Verse 5 tells us that God does not desire, or will, and that is more animal sacrifices and offerings.  Twice, in verses 6 and 8, we find in quoting Psalm 40, that God takes “no pleasure” in these sacrifices.  Christ, however, came “to do” God’s will (vv. 6, 9).  He substituted the passive sacrifice of the animals with a voluntary and obedient sacrifice of Himself.

Verses 5-10 makes three points.

First, the cross was the direct will of God.

The cross was no accident or an unforeseen tragedy that took Jesus or the Father by surprise.  It was not a temporary setback that God figured out how to turn for good.  Rather, the cross was God’s predetermined plan, before the beginning of time, to deal finally and fully with our sin.

The Son of God determined to come into this world as a man with a human body subject to death, would live a completely obedient life in that body, and then would die as the sacrifice that the justice of God demands as payment for sins.

We know that it was God’s will for Jesus Christ to die upon the cross, first of all, because of the many prophecies concerning the cross, so much so that Jesus Himself predicted His own death on the cross (Mark 10:33-34).

The Old Testament confirms this in a passage that will seem very strange to our ears.  In Isaiah 53:6, 10 we read, “All we like sheep have gone astray; we have turned–every one–to his own way; and the LORD has laid on him the iniquity of us all” and then in verse 10 we read, “it was the will of the LORD to crush him; he has put him to grief…”

It was God’s will to crush His Son on the cross.  “Amazing pity, grace unknown and love beyond degree.”

There is a great mystery here that we must submit our thinking to: even though God ordained the cross, down to the minute details (e.g., casting lots for Jesus’ clothing), He is not in any way responsible for the sin of those who crucified Jesus.

As Acts 4:27-28 puts it: “for truly in this city there were gathered together against your holy servant Jesus, whom you anointed, both Herod and Pontius Pilate, along with the Gentiles and the peoples of Israel,to do whatever your hand and your plan had predestined to take place.”

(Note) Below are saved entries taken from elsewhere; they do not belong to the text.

lemma card_near_squares_le:
  assumes "0 \<le> r"
  shows "real (card (near_squares F j w r)) \<le> (2 * r / 2 powr j + 1)\<^sup>2"
proof -
  define s where "s = (2::real) powr j"
  have s: "s > 0" by (simp add: s_def)
  define K where "K = {k::int. \<bar>(Re w / s - 1/2) - k\<bar> < r / s}"
  define L where "L = {k::int. \<bar>(Im w / s - 1/2) - k\<bar> < r / s}"
  have rs: "0 \<le> r / s" using assms s by simp
  have coord: "\<bar>(x / s - 1/2) - k\<bar> < r / s" if "\<bar>x - (k + 1/2) * s\<bar> < r" for x k
  proof -
    have "(x / s - 1/2) - k = (x - (k + 1/2) * s) / s" using s by (simp add: field_simps)
    then show ?thesis using that s by (simp add: divide_strict_right_mono)
  qed
  have "near_squares F j w r \<subseteq> (\<lambda>(k, l). (j, k, l)) ` (K \<times> L)"
  proof
    fix R assume R: "R \<in> near_squares F j w r"
    then obtain k l where R_eq: "R = (j, k, l)" by (cases R) (auto simp: near_squares_def)
    have side: "dyadic_side (j, k, l) = s" by (simp add: s_def dyadic_side_def)
    have "\<bar>Re w - (k + 1/2) * s\<bar> < r" "\<bar>Im w - (l + 1/2) * s\<bar> < r"
      using R abs_Re_le_cmod[of "w - dyadic_center R"] abs_Im_le_cmod[of "w - dyadic_center R"]
      by (auto simp: near_squares_def Re_dyadic_center Im_dyadic_center side R_eq)
    then have "k \<in> K" "l \<in> L" by (auto simp: K_def L_def intro: coord)
    then show "R \<in> (\<lambda>(k, l). (j, k, l)) ` (K \<times> L)" by (force simp: R_eq)
  qed
  moreover have "finite (K \<times> L)"
    using card_int_near_le(1)[OF rs] by (simp add: K_def L_def)
  ultimately have "card (near_squares F j w r) \<le> card K * card L"
    by (metis card_cartesian_product card_image_le card_mono finite_imageI order_trans)
  then have "real (card (near_squares F j w r)) \<le> real (card K) * real (card L)"
    by (metis of_nat_le_iff of_nat_mult)
  also have "\<dots> \<le> (2 * (r / s) + 1) * (2 * (r / s) + 1)"
    using card_int_near_le(2)[OF rs] rs by (intro mult_mono) (simp_all add: K_def L_def)
  finally show ?thesis by (simp add: s_def power2_eq_square)
qed

lemma sum_power_abs_diff_le:
  fixes q :: real and j0 :: int
  assumes "finite J" "0 \<le> q" "q < 1"
  shows "(\<Sum>j\<in>J. q ^ nat \<bar>j - j0\<bar>) \<le> 2 / (1 - q)"
proof -
  have geometric: "(\<Sum>n\<in>N. q ^ n) \<le> 1 / (1 - q)" if "finite N" for N
  proof -
    have "(\<Sum>n\<in>N. q ^ n) \<le> (\<Sum>n. q ^ n)"
      using assms that by (intro sum_le_suminf summable_geometric) auto
    also have "\<dots> = 1 / (1 - q)"
      using assms by (intro suminf_geometric) simp
    finally show ?thesis .
  qed
  have half: "(\<Sum>j\<in>J'. q ^ nat \<bar>j - j0\<bar>) \<le> 1 / (1 - q)"
    if "J' \<subseteq> J" and "inj_on (\<lambda>j. nat \<bar>j - j0\<bar>) J'" for J'
    using geometric[of "(\<lambda>j. nat \<bar>j - j0\<bar>) ` J'"] sum.reindex[OF that(2), of "\<lambda>n. q ^ n"]
      finite_subset[OF that(1) assms(1)] by simp
  have "(\<Sum>j\<in>J. q ^ nat \<bar>j - j0\<bar>) =
      (\<Sum>j\<in>{j\<in>J. j0 \<le> j}. q ^ nat \<bar>j - j0\<bar>) + (\<Sum>j\<in>{j\<in>J. j < j0}. q ^ nat \<bar>j - j0\<bar>)"
    using assms(1) by (subst sum.union_disjoint[symmetric]) (auto intro: sum.cong)
  also have "\<dots> \<le> 1 / (1 - q) + 1 / (1 - q)"
    by (intro add_mono half) (auto simp: inj_on_def)
  finally show ?thesis by simp
qed
(* Let $n\ge 2$, $N=\binom n2$, and let $w=w_1\cdots w_N$ be a word in the alphabet $[n-1]$. Then $w_1w_2\cdots w_N$ is a 132-avoiding sorting network of $\mathfrak S_n$ if and only if the reversed word $w_Nw_{N-1}\cdots w_1$ is a 132-avoiding sorting network of $\mathfrak S_n$.
   Context: For $i\in[n-1]$ let $s_i=(i,i+1)\in\mathfrak S_n$ be the adjacent transposition, and let $w_0\in\mathfrak S_n$ be the reverse permutation $w_0(i)=n+1-i$. A sorting network (of $\mathfrak S_n$) is a word $w=w_1\cdots w_N$, $N=\binom n2$, in the alphabet $[n-1]$ with $s_{w_1}s_{w_2}\cdots s_{w_N}=w_0$ (necessarily a reduced word). Intermediate permutations are $\sigma_0=\mathrm{id}$ and $\sigma_k=s_{w_1}\cdots s_{w_k}$, where the product is formed from the left so that, in one-line notation, $\sigma_k$ is obtained from $\sigma_{k-1}$ by swapping the entries in positions $w_k$ and $w_k+1$. A sorting network is 132-avoiding if every $\sigma_k$, $k\in[N]$, avoids the pattern 132 (in one-line notation). *)

theory Defs
  imports Main
begin

text \<open>Permutations of [n] in one-line notation are lists of length n with entries 1..n.
  Positions are 1-indexed in the paper; list positions are 0-indexed here.\<close>

definition swap_adj :: "nat list \<Rightarrow> nat \<Rightarrow> nat list" where
  "swap_adj p i = p[i - 1 := p ! i, i := p ! (i - 1)]"
  \<comment> \<open>swap the entries in (1-indexed) positions i and i+1\<close>

definition id_perm :: "nat \<Rightarrow> nat list" where
  "id_perm n = [1..<n+1]"

definition rev_perm :: "nat \<Rightarrow> nat list" where
  "rev_perm n = rev [1..<n+1]"

text \<open>sigma n w k = s_{w_1} ... s_{w_k} in one-line notation\<close>
definition sigma :: "nat \<Rightarrow> nat list \<Rightarrow> nat \<Rightarrow> nat list" where
  "sigma n w k = foldl swap_adj (id_perm n) (take k w)"

definition is_sorting_network :: "nat \<Rightarrow> nat list \<Rightarrow> bool" where
  "is_sorting_network n w \<longleftrightarrow>
     length w = n choose 2 \<and> (\<forall>a \<in> set w. 1 \<le> a \<and> a \<le> n - 1) \<and>
     sigma n w (length w) = rev_perm n"

definition contains_132 :: "nat list \<Rightarrow> bool" where
  "contains_132 p \<longleftrightarrow> (\<exists>i j k. i < j \<and> j < k \<and> k < length p \<and>
      p ! i < p ! k \<and> p ! k < p ! j)"

definition avoids_132 :: "nat list \<Rightarrow> bool" where
  "avoids_132 p \<longleftrightarrow> \<not> contains_132 p"

definition is_132_avoiding_sorting_network :: "nat \<Rightarrow> nat list \<Rightarrow> bool" where
  "is_132_avoiding_sorting_network n w \<longleftrightarrow>
     is_sorting_network n w \<and> (\<forall>k \<in> {1..length w}. avoids_132 (sigma n w k))"

end

(* Running the reversed word from the reverse permutation retraces the original network, so its
   intermediate permutations are the complements x \<mapsto> n + 1 - x of the original ones in reverse
   order; complementation turns the pattern 132 into 312. It therefore suffices to show that the
   intermediate permutations of a 132-avoiding sorting network also avoid 312.
   A sorting network has exactly n choose 2 letters, so every swap creates an inversion and
   inversions are never undone. If c a b with a < b < c occurred in some intermediate permutation,
   look at the swap that created the inversion (a, c): just before it, a c were adjacent, and b,
   which is never inverted with a, stood to their right -- an occurrence of 132. *)

theory Submission
  imports Defs
begin

lemma length_swap_adj [simp]: "length (swap_adj p i) = length p"
  by (simp add: swap_adj_def)

lemma nth_swap_adj:
  assumes "1 \<le> i" "i < length p" "k < length p"
  shows "swap_adj p i ! k = p ! (if k = i - 1 then i else if k = i then i - 1 else k)"
  using assms by (auto simp: swap_adj_def nth_list_update)

lemma swap_adj_swap_adj:
  assumes "1 \<le> i" "i < length p"
  shows "swap_adj (swap_adj p i) i = p"
  by (rule nth_equalityI) (use assms in \<open>auto simp: nth_swap_adj\<close>)

lemma swap_adj_map: "i < length p \<Longrightarrow> swap_adj (map f p) i = map f (swap_adj p i)"
  by (simp add: swap_adj_def map_update)

lemma distinct_swap_adj: "1 \<le> i \<Longrightarrow> i < length p \<Longrightarrow> distinct (swap_adj p i) = distinct p"
  and set_swap_adj: "1 \<le> i \<Longrightarrow> i < length p \<Longrightarrow> set (swap_adj p i) = set p"
  by (simp_all add: swap_adj_def)

definition precedes :: "nat list \<Rightarrow> nat \<Rightarrow> nat \<Rightarrow> bool" where
  "precedes p x y \<longleftrightarrow> (\<exists>k l. k < l \<and> l < length p \<and> p ! k = x \<and> p ! l = y)"

text \<open>Inversions are pairs of values rather than of positions, so that they can be followed
  through the swaps of a network.\<close>

definition inversions :: "nat list \<Rightarrow> (nat \<times> nat) set" where
  "inversions p = {(a, b). a < b \<and> precedes p b a}"

lemma finite_inversions: "finite (inversions p)"
proof (rule finite_subset)
  show "inversions p \<subseteq> set p \<times> set p" by (auto simp: inversions_def precedes_def)
qed simp

lemma precedes_swap_adjD:
  assumes "1 \<le> i" "i < length p" "precedes (swap_adj p i) x y" "\<not> (x = p ! i \<and> y = p ! (i - 1))"
  shows "precedes p x y"
proof -
  define \<tau> where "\<tau> k = (if k = i - 1 then i else if k = i then i - 1 else k)" for k
  obtain k l where kl: "k < l" "l < length p" "p ! \<tau> k = x" "p ! \<tau> l = y"
    using assms(1-3) by (auto simp: precedes_def nth_swap_adj \<tau>_def)
  have "\<not> (k = i - 1 \<and> l = i)" using assms(1,4) kl by (auto simp: \<tau>_def)
  then have "\<tau> k < \<tau> l" "\<tau> l < length p" using assms(1,2) kl by (auto simp: \<tau>_def)
  with kl show ?thesis unfolding precedes_def by blast
qed

lemma precedes_swap_adj:
  "1 \<le> i \<Longrightarrow> i < length p \<Longrightarrow> precedes (swap_adj p i) (p ! i) (p ! (i - 1))"
  unfolding precedes_def by (intro exI[of _ "i - 1"] exI[of _ i]) (auto simp: nth_swap_adj)
definition num :: "real \<Rightarrow> sg" where
  "num s = SG (Emp s) (Emp s)"

definition is_num :: "sg \<Rightarrow> bool" where
  "is_num G \<longleftrightarrow> (\<exists>s. G = num s)"

fun scores :: "sg \<Rightarrow> real \<times> real" where
  "scores (SG L R) =
     ((case L of Emp s \<Rightarrow> s | Opts ls \<Rightarrow> Max (set (map (\<lambda>g. snd (scores g)) ls))),
      (case R of Emp s \<Rightarrow> s | Opts rs \<Rightarrow> Min (set (map (\<lambda>g. fst (scores g)) rs))))"

definition Ls :: "sg \<Rightarrow> real" where "Ls G = fst (scores G)"
definition Rs :: "sg \<Rightarrow> real" where "Rs G = snd (scores G)"

fun plus_sg :: "sg \<Rightarrow> sg \<Rightarrow> sg" where
  "plus_sg (SG L1 R1) (SG L2 R2) =
     SG (case (L1, L2) of
           (Emp l1, Emp l2) \<Rightarrow> Emp (l1 + l2)
         | (Opts ls, Emp _) \<Rightarrow> Opts (map (\<lambda>g. plus_sg g (SG L2 R2)) ls)
         | (Emp _, Opts ls') \<Rightarrow> Opts (map (\<lambda>g. plus_sg (SG L1 R1) g) ls')
         | (Opts ls, Opts ls') \<Rightarrow>
              Opts (map (\<lambda>g. plus_sg g (SG L2 R2)) ls @ map (\<lambda>g. plus_sg (SG L1 R1) g) ls'))
        (case (R1, R2) of
           (Emp r1, Emp r2) \<Rightarrow> Emp (r1 + r2)
         | (Opts rs, Emp _) \<Rightarrow> Opts (map (\<lambda>g. plus_sg g (SG L2 R2)) rs)
         | (Emp _, Opts rs') \<Rightarrow> Opts (map (\<lambda>g. plus_sg (SG L1 R1) g) rs')
         | (Opts rs, Opts rs') \<Rightarrow>
              Opts (map (\<lambda>g. plus_sg g (SG L2 R2)) rs @ map (\<lambda>g. plus_sg (SG L1 R1) g) rs'))"

fun times_sg :: "nat \<Rightarrow> sg \<Rightarrow> sg" where
  "times_sg 0 G = num 0"
| "times_sg (Suc n) G = plus_sg G (times_sg n G)"

inductive position :: "sg \<Rightarrow> sg \<Rightarrow> bool" where
  self: "position G G"
| left: "position G (SG (Opts ls) R) \<Longrightarrow> g \<in> set ls \<Longrightarrow> position G g"
| right: "position G (SG L (Opts rs)) \<Longrightarrow> g \<in> set rs \<Longrightarrow> position G g"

These verses establish both man’s voluntary decision to crucify the “holy servant Jesus” and God’s sovereign plan, so that they did “whatever your hand and your plan had predestined to take place.”

Not only did God plan it, but his “hand” made it happen.  As John Piper explains, “The hand of God ordinarily stands for God’s exerted power—not power in the abstract, but earthly, effective exertions of power.  The point of combining it with ‘plan’ is to stay that it is not just a theoretical plan; it is a plan that will be executed by God’s own hand” (Spectacular Sins, p. 104).

By coming into this world specifically to go to the cross, Jesus not only provided sacrifice for sins that we need.  He also provided a supreme example of resolute obedience to the complete will of God (something these Hebrew readers and we ourselves need today).  As Luke 9:51 points out, Jesus “set his face to go to Jerusalem” and He didn’t allow anything to deter Him.  As Jesus prayed in the garden, “not My will, but Yours be done” (Luke 22:42).  We cannot imagine how difficult it was for the sinless Son of God, utter purity, to be made sin for us.  We know the pain of a foreign object piercing into our bodies, but that is miniscule compared to the intense pain of sin being laid upon the perfectly holy body of Jesus Christ.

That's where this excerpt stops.